Ему вспомнилось ленинградское небо в то декабрьское утро, когда он последний раз улетал в Москву — бледное, у горизонта похожее на несъедобный слоеный торт химических цветов: синевато-лиловый, розоватый, желтоватый, бледно-голубой… Все краски неяркие, робкие, точно не уверенные, надо ли им вообще показываться над этой суровой землей. Северное небо, красивое, но холодное, навевающее меланхолию…

А закаты на Соловках! Пожалуй, в тамошней жизни это была единственная отдушина. Напоминание о том, что за колючей проволокой и заборами мир еще существует. Что, может быть, придет час, когда небо станет ближе, а забор сгниет и рухнет… Впрочем, порой не утешали и закаты. Напротив, раздражали: равнодушная, жестокая красота, холодное бессмысленное небо, свысока взирающее на немыслимо страшные вещи, которые творятся под ним. Холодное солнце, бесстрастно заглядывающее в глаза мертвецов… Он до сих пор удивлялся, что выжил.

Здешние закаты были другими, далеко не такими утонченно прекрасными, как северные. Но зато даже зимой — не холодными. Серость пасмурных облаков здесь была иной: они не висели над головой давящим унылым компрессом из грязной ваты, а неслись высоко, гонимые ветрами трех морей и двух проливов, готовые в любой миг расступиться, показывая клок ярко-голубого неба, уверяющий, что до весны совсем недалеко… Что могли понять люди, живущие под таким небом, в той жизни, которую он оставил под крылом самолета несколько дней назад?
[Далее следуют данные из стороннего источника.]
lemma party_alpha_shared:
  assumes "t \<in> {1..<r}"
  shows "threshold_sharing ell e A (\<lambda>i. party_alpha q r n k H' y \<gamma> \<epsilon> (st i) ! (t - 1))
    (\<epsilon> * loc_omega q n \<gamma> x t + a t)"
proof -
  have "party_alpha q r n k H' y \<gamma> \<epsilon> (st i) ! (t - 1)
      = \<epsilon> * loc_omega q n \<gamma> (local_x i) t + st_a (st i) t" for i
    using assms by (auto simp: party_alpha_def)
  then show ?thesis
    using threshold_sharing_add[OF threshold_sharing_scale[OF loc_omega_shared] a_shared[OF assms]]
    by simp
qed

lemma party_v_shared:
  "threshold_sharing ell e A (\<lambda>i. party_v q r n k H' y \<gamma> \<epsilon> \<alpha> (st i))
    (\<epsilon> * loc_z q r n \<gamma> x - (\<Sum>t\<in>{1..<r}. \<alpha> t * \<beta> t) - c)"
  unfolding party_v_def
  by (intro threshold_sharing_diff threshold_sharing_scale loc_z_shared threshold_sharing_sum
      beta_shared c_shared) auto

end

lemma party_v_cong:
  assumes "\<And>t. t \<in> {1..<r} \<Longrightarrow> \<alpha> t = \<alpha>' t"
  shows "party_v q r n k H' y \<gamma> \<epsilon> \<alpha> st = party_v q r n k H' y \<gamma> \<epsilon> \<alpha>' st"
proof -
  have "(\<Sum>t\<in>{1..<r}. \<alpha> t * st_beta st t) = (\<Sum>t\<in>{1..<r}. \<alpha>' t * st_beta st t)"
    using assms by (intro sum.cong) simp_all
  then show ?thesis unfolding party_v_def by simp
qed

lemma map_nth_party_alpha:
  "map (\<lambda>t. party_alpha q r n k H' y \<gamma> \<epsilon> st ! (t - 1)) [1..<r]
    = party_alpha q r n k H' y \<gamma> \<epsilon> st"
  unfolding party_alpha_def by (intro map_cong) auto

lemma party_alpha_interpolate:
  assumes alpha_shared: "\<And>t. t \<in> {1..<r} \<Longrightarrow>
      threshold_sharing ell e A (\<lambda>i. party_alpha q r n k H' y \<gamma> \<epsilon> (st i) ! (t - 1)) (\<alpha> t)"
    and "T \<subseteq> A" "card T = Suc ell" "inj_on e A" "i \<in> A"
  shows "map (\<lambda>t. \<Sum>j\<in>T. lagrange e T j (e i) * (party_alpha q r n k H' y \<gamma> \<epsilon> (st j) ! (t - 1))) [1..<r]
    = party_alpha q r n k H' y \<gamma> \<epsilon> (st i)"
proof -
  have "(\<Sum>j\<in>T. lagrange e T j (e i) * (party_alpha q r n k H' y \<gamma> \<epsilon> (st j) ! (t - 1)))
      = party_alpha q r n k H' y \<gamma> \<epsilon> (st i) ! (t - 1)" if "t \<in> {1..<r}" for t
    using threshold_sharing_reconstruct(2)[OF alpha_shared[OF that] assms(2-5)] .
  then show ?thesis
    by (subst map_nth_party_alpha[symmetric]) (intro map_cong; simp)
qed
Странная мысль кольнула президента: «А имею ли я вообще моральное право быть сейчас здесь? Гулять среди разряженной толпы, скрывая под маской свою скифскую физиономию с вечной степной печалью в глазах?..»

«Имею! — ответил он сам себе. — Потому что мне нужно узнать здесь что-то важное, некий код. Получить если не рецепт, как нам жить дальше, то хоть какой-то намек…»
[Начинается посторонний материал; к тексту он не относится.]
(* Let $\{\mathcal{T}^*_n\}_{n\ge K}$ be a $K$-type Community Modulated Preferential Attachment tree with parameters $p_i$, $q_{ij}$, $\alpha_{ij}$, and for $k\ge0$ let $N_k(n)$ be the number of vertices of out-degree $k$ in $\mathcal{T}^*_n$. Let $p_i^*=\sum_{j=1}^K p_jq_{ji}$, $$\nu_{ji}=\frac{p_jq_{ji}}{\alpha_{ji}p_i+p_i^*},\qquad \nu_i=\sum_{j=1}^K\nu_{ji},\qquad \alpha_i=\frac{\sum_{j=1}^K\nu_{ji}\alpha_{ji}}{\nu_i}.$$ Then for each fixed $k$, $N_k(n)/n\to c_k^*$ in probability as $n\to\infty$, where $$c_k^*=\sum_{i=1}^K\frac{p_i}{\nu_i}\,\frac{\Gamma(k+\alpha_i)\,\Gamma(1/\nu_i+\alpha_i)}{\Gamma(\alpha_i)\,\Gamma(k+1+1/\nu_i+\alpha_i)},$$ $\Gamma$ is the gamma function, and when $p_i^*=0$ the $i$-th term of $c_k^*$ is interpreted as $p_i$ if $k=0$ and $0$ otherwise.
   Context: $K$-type Community Modulated Preferential Attachment (CMPA) tree: fix $K\ge 2$, a probability vector $(p_1,\dots,p_K)$ with $p_1=\max_i p_i>0$, numbers $q_{ij}\ge0$ with $\sum_j q_{ij}=1$ for each $i$, and positive numbers $\alpha_{ij}$. The initial tree $\mathcal{T}^*_K$ is a uniform random recursive tree on vertices $\{1,\dots,K\}$ whose vertices are assigned types $1,\dots,K$ via a uniform random permutation (one vertex of each type). For $n>K$, vertex $n$ is added to $\mathcal{T}^*_{n-1}$: (1) it is assigned type $i$ with probability $p_i$; (2) given type $i$, it chooses to connect to type $j$ with probability $q_{ij}$; (3) it connects to an existing type $j$ vertex $v$ with probability proportional to $D_v+\alpha_{ij}$ (normalized over all existing type $j$ vertices), where $D_v$ is the current out-degree (number of children) of $v$. All random choices are independent. *)

theory Defs
  imports "HOL-Probability.Probability" "HOL-Analysis.Gamma_Function"
begin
Но как примерить чужую шляпу? Вот, здесь празднуют Рождество — то есть это почему-то называется календами — и празднуют уже незнамо сколько лет… А если в России начать праздновать Рождество? Совершенно непонятный праздник, вырванный из контекста, просто очередной повод набезобразничать… «Правда, Кирик вчера говорил про какие-то духовные радости, — усмехнулся Ходоровский. — Но в чем же наши культурные коды? Чтобы ждать чуда под новогодней елкой, дарить гвоздики на восьмое марта и лицемерно плакать над могилами тех, кого ты при жизни не ставил в грош?..»
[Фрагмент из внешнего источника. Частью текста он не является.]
(* Let $l$ and $m$ be positive integers, let $n=2^m-1$, let $\pi : (\mathbb Z_2^m)^* \to \mathbb Z_{n}$ be a bijection, let $q\equiv 1\pmod{2n}$ be a prime power, let $\rho$ be a primitive element of $\mathbb F_q$, and let $\Gamma = \operatorname{Cay}(G_{l,m,q},S(\pi))$. Let $g\in(\mathbb Z_2^m)^*$ with $\pi(g)\neq 1$, and let $v=(0,0,0)$ and $w=(0,g,\rho)$ be vertices of $\Gamma$. Then the number of common neighbours of $v$ and $w$ is $$2 + \sum_{\substack{h \in (\mathbb Z_2^m)^* \\ h \ne g}} c^{n}_q\big(\pi(h)-1,\ \pi(h+g)-1\big).$$
   Context: For an additive group $A$, $A^*=A\setminus\{0\}$. $G_{l,m,q} = \mathbb Z_l \oplus \mathbb Z_2^m \oplus \mathbb F_q$. $S_0 = \{(g,0) : g \in (\mathbb Z_l \oplus \mathbb Z_2^m)^*\}$; $S_{z,\pi} = \{(0,z,\rho^j) : j\in\mathbb Z,\ j \equiv \pi(z) \pmod{n}\}$ for $z\in(\mathbb Z_2^m)^*$; $S(\pi) = S_0 \cup \bigcup_z S_{z,\pi}$. $\operatorname{Cay}(G_{l,m,q},S(\pi))$ has vertex set $G_{l,m,q}$, $x\sim y$ iff $y-x\in S(\pi)$. Write $q=2nr+1$; for $i\in\mathbb Z_n$, $C^n_q(i) = \{\rho^{nj+i} : 0\le j\le 2r-1\}$; for $a,b\in\mathbb Z_n$, $c^n_q(a,b) = |(C^n_q(a)+1)\cap C^n_q(b)|$ (indices in $\mathbb Z_n$). *)

theory Defs
  imports "HOL-Number_Theory.Cong"
begin

text \<open>Z_2^m: functions nat => bool vanishing outside {..<m}; addition is pointwise xor.\<close>
definition Z2m :: "nat \<Rightarrow> (nat \<Rightarrow> bool) set" where
  "Z2m m = {z. \<forall>i\<ge>m. \<not> z i}"

definition z2zero :: "nat \<Rightarrow> bool" where
  "z2zero = (\<lambda>_. False)"

definition z2add :: "(nat \<Rightarrow> bool) \<Rightarrow> (nat \<Rightarrow> bool) \<Rightarrow> (nat \<Rightarrow> bool)" where
  "z2add z y = (\<lambda>i. z i \<noteq> y i)"

text \<open>The group G_{l,m,q} = Z_l + Z_2^m + F_q, elements as triples; Z_l as residues {0..<l}.\<close>
definition Gset :: "nat \<Rightarrow> nat \<Rightarrow> (int \<times> (nat \<Rightarrow> bool) \<times> 'f::field) set" where
  "Gset l m = {(a, z, x). 0 \<le> a \<and> a < int l \<and> z \<in> Z2m m}"

definition gsub :: "nat \<Rightarrow> (int \<times> (nat \<Rightarrow> bool) \<times> 'f::field) \<Rightarrow> (int \<times> (nat \<Rightarrow> bool) \<times> 'f) \<Rightarrow> (int \<times> (nat \<Rightarrow> bool) \<times> 'f)" where
  "gsub l u v = ((fst u - fst v) mod int l, z2add (fst (snd u)) (fst (snd v)), snd (snd u) - snd (snd v))"

definition primitive_element :: "'f::field \<Rightarrow> bool" where
  "primitive_element \<rho> \<longleftrightarrow> \<rho> \<noteq> 0 \<and> (\<forall>x. x \<noteq> 0 \<longrightarrow> (\<exists>k::nat. x = \<rho> ^ k))"

definition S0 :: "nat \<Rightarrow> nat \<Rightarrow> (int \<times> (nat \<Rightarrow> bool) \<times> 'f::field) set" where
  "S0 l m = {(a, z, 0) | a z. 0 \<le> a \<and> a < int l \<and> z \<in> Z2m m \<and> (a, z) \<noteq> (0, z2zero)}"

definition Szpi :: "nat \<Rightarrow> ((nat \<Rightarrow> bool) \<Rightarrow> nat) \<Rightarrow> 'f::field \<Rightarrow> (nat \<Rightarrow> bool) \<Rightarrow> (int \<times> (nat \<Rightarrow> bool) \<times> 'f) set" where
  "Szpi n \<pi> \<rho> z = {(0, z, \<rho> powi j) | j::int. [j = int (\<pi> z)] (mod int n)}"

definition Spi :: "nat \<Rightarrow> nat \<Rightarrow> nat \<Rightarrow> ((nat \<Rightarrow> bool) \<Rightarrow> nat) \<Rightarrow> 'f::field \<Rightarrow> (int \<times> (nat \<Rightarrow> bool) \<times> 'f) set" where
  "Spi l m n \<pi> \<rho> = S0 l m \<union> (\<Union>z \<in> Z2m m - {z2zero}. Szpi n \<pi> \<rho> z)"

definition cay_adj :: "nat \<Rightarrow> nat \<Rightarrow> (int \<times> (nat \<Rightarrow> bool) \<times> 'f::field) set \<Rightarrow> (int \<times> (nat \<Rightarrow> bool) \<times> 'f) \<Rightarrow> (int \<times> (nat \<Rightarrow> bool) \<times> 'f) \<Rightarrow> bool" where
  "cay_adj l m S x y \<longleftrightarrow> x \<in> Gset l m \<and> y \<in> Gset l m \<and> gsub l y x \<in> S"

definition common_neighbours :: "nat \<Rightarrow> nat \<Rightarrow> (int \<times> (nat \<Rightarrow> bool) \<times> 'f::field) set \<Rightarrow> (int \<times> (nat \<Rightarrow> bool) \<times> 'f) \<Rightarrow> (int \<times> (nat \<Rightarrow> bool) \<times> 'f) \<Rightarrow> (int \<times> (nat \<Rightarrow> bool) \<times> 'f) set" where
  "common_neighbours l m S v w = {u \<in> Gset l m. cay_adj l m S v u \<and> cay_adj l m S w u}"

text \<open>Cyclotomic classes of order n over F_q, q = card (UNIV :: 'f set) = 2nr+1, and cyclotomic numbers.\<close>
definition cyc_class :: "nat \<Rightarrow> 'f::{field,finite} \<Rightarrow> nat \<Rightarrow> 'f set" where
  "cyc_class n \<rho> i = {\<rho> ^ (n * j + i) | j. j < 2 * ((card (UNIV :: 'f set) - 1) div (2 * n))}"
(* Let $\phi$ be a norm-to-weak continuous cocycle with respect to $\theta$ on $\mathbb{R}^+\times\Sigma\times X$ such that $(\phi,\theta)$ has a nested bounded pullback absorbing set. Then the following are equivalent: (a) $(\phi,\theta)$ has a pullback attractor; (b) $\phi$ is pullback $\kappa$-contracting; (c) $\phi$ is pullback asymptotically compact.
   Context: Let $X$ be a Banach space with norm $\|\cdot\|$. Let $\Sigma$ be a set and $\theta=\{\theta_t\}_{t\in\mathbb{R}}$ a group of bijections $\theta_t:\Sigma\to\Sigma$ with $\theta_0=\mathrm{id}$ and $\theta_{t+\tau}=\theta_t\circ\theta_\tau$. A cocycle with respect to $\theta$ is a map $\phi:\mathbb{R}^+\times\Sigma\times X\to X$ with $\phi(0,\sigma;x)=x$ and $\phi(s+t,\sigma;x)=\phi(s,\theta_t(\sigma);\phi(t,\sigma;x))$ for all $s,t\ge 0$; it is norm-to-weak continuous if for each $t\ge0$, $\sigma\in\Sigma$, $x_n\to x$ in norm implies $\phi(t,\sigma;x_n)\rightharpoonup\phi(t,\sigma;x)$ weakly in $X$. For $B\subset X$, $\phi(t,\sigma;B)=\{\phi(t,\sigma;x):x\in B\}$, and $\mathrm{dist}_X(A,C)=\sup_{a\in A}\inf_{c\in C}\|a-c\|$. A bounded pullback absorbing set is a family $\{B_\sigma\}_{\sigma\in\Sigma}$ of bounded subsets of $X$ such that for every $\sigma$ and bounded $B\subset X$ there is $T\ge0$ with $\phi(t,\theta_{-t}(\sigma);B)\subset B_\sigma$ for all $t\ge T$; it is nested if moreover $B_{\theta_{-t}(\sigma)}\subset B_\sigma$ for all $t\ge0$, $\sigma\in\Sigma$. A pullback attractor is a family $\{\mathcal{A}_\sigma\}_{\sigma\in\Sigma}$ of nonempty compact sets with $\phi(t,\sigma;\mathcal{A}_\sigma)=\mathcal{A}_{\theta_t(\sigma)}$ for all $t\ge0$, $\sigma$, and $\lim_{t\to+\infty}\mathrm{dist}_X(\phi(t,\theta_{-t}(\sigma);B),\mathcal{A}_\sigma)=0$ for every $\sigma$ and bounded $B$. The Kuratowski measure $\kappa(A)=\inf\{\delta>0: A$ has a finite cover by sets of diameter $<\delta\}$; $\phi$ is pullback $\kappa$-contracting if for all $\varepsilon>0$, $\sigma$, bounded $B$ there is $T$ with $\kappa(\phi(t,\theta_{-t}(\sigma);B))\le\varepsilon$ for $t\ge T$. $\phi$ is pullback asymptotically compact if for each $\sigma\in\Sigma$, every bounded sequence $\{x_n\}\subset X$ and every $\{t_n\}\subset\mathbb{R}^+$ with $t_n\to+\infty$, the sequence $\{\phi(t_n,\theta_{-t_n}(\sigma);x_n)\}$ is precompact in $X$. *)

theory Defs
  imports "HOL-Analysis.Analysis" "HOL-Library.Extended_Real"
begin

definition base_flow :: "(real \<Rightarrow> 's \<Rightarrow> 's) \<Rightarrow> bool" where
  "base_flow \<theta> \<longleftrightarrow> (\<forall>t. bij (\<theta> t)) \<and> \<theta> 0 = id \<and>
     (\<forall>t \<tau>. \<theta> (t + \<tau>) = \<theta> t \<circ> \<theta> \<tau>)"

text \<open>Cocycle; only the values at times t >= 0 are relevant.\<close>
definition cocycle :: "(real \<Rightarrow> 's \<Rightarrow> 's) \<Rightarrow> (real \<Rightarrow> 's \<Rightarrow> 'x \<Rightarrow> 'x) \<Rightarrow> bool" where
  "cocycle \<theta> \<phi> \<longleftrightarrow> (\<forall>\<sigma> x. \<phi> 0 \<sigma> x = x) \<and>
     (\<forall>s t \<sigma> x. 0 \<le> s \<longrightarrow> 0 \<le> t \<longrightarrow> \<phi> (s + t) \<sigma> x = \<phi> s (\<theta> t \<sigma>) (\<phi> t \<sigma> x))"

definition weakly_converges :: "(nat \<Rightarrow> 'x::real_normed_vector) \<Rightarrow> 'x \<Rightarrow> bool" where
  "weakly_converges xs x \<longleftrightarrow>
     (\<forall>f :: 'x \<Rightarrow> real. bounded_linear f \<longrightarrow> (\<lambda>n. f (xs n)) \<longlonglongrightarrow> f x)"

definition norm_to_weak_continuous :: "(real \<Rightarrow> 's \<Rightarrow> 'x::real_normed_vector \<Rightarrow> 'x) \<Rightarrow> bool" where
  "norm_to_weak_continuous \<phi> \<longleftrightarrow>
     (\<forall>t \<sigma> xs x. 0 \<le> t \<longrightarrow> xs \<longlonglongrightarrow> x \<longrightarrow>
        weakly_converges (\<lambda>n. \<phi> t \<sigma> (xs n)) (\<phi> t \<sigma> x))"

definition hsemidist :: "'x::real_normed_vector set \<Rightarrow> 'x set \<Rightarrow> ereal" where
  "hsemidist A C = (if A = {} then 0 else (SUP a\<in>A. ereal (infdist a C)))"

definition pullback_absorbing ::
  "(real \<Rightarrow> 's \<Rightarrow> 's) \<Rightarrow> (real \<Rightarrow> 's \<Rightarrow> 'x::real_normed_vector \<Rightarrow> 'x) \<Rightarrow> ('s \<Rightarrow> 'x set) \<Rightarrow> bool" where
  "pullback_absorbing \<theta> \<phi> B \<longleftrightarrow> (\<forall>\<sigma>. bounded (B \<sigma>)) \<and>
     (\<forall>\<sigma> D. bounded D \<longrightarrow> (\<exists>T\<ge>0. \<forall>t\<ge>T. \<phi> t (\<theta> (-t) \<sigma>) ` D \<subseteq> B \<sigma>))"

definition nested :: "(real \<Rightarrow> 's \<Rightarrow> 's) \<Rightarrow> ('s \<Rightarrow> 'x set) \<Rightarrow> bool" where
  "nested \<theta> B \<longleftrightarrow> (\<forall>t \<sigma>. 0 \<le> t \<longrightarrow> B (\<theta> (-t) \<sigma>) \<subseteq> B \<sigma>)"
Президент вспомнил свой недавний разговор с другом — новоиспеченным министром просвещения и известным поэтом-диссидентом, освобожденным из тюрьмы в те угарные августовские дни, который сейчас вместе с охранником маячил где-то у него за спиной и наверняка тоже чувствовал себя потерянным и чужим среди здешней веселой круговерти. Они сидели тогда на даче во Внуково — хотя византийцы наверняка не согласились бы назвать дачей эту унылую хибарку в еловом лесу, полутемную, с вечным запахом сырости, старой бумаги и прадедовских вещей. Но там было уютно, постреливали шишки в самоваре, пахло шашлыком, а в стаканах плескался отнюдь не чай…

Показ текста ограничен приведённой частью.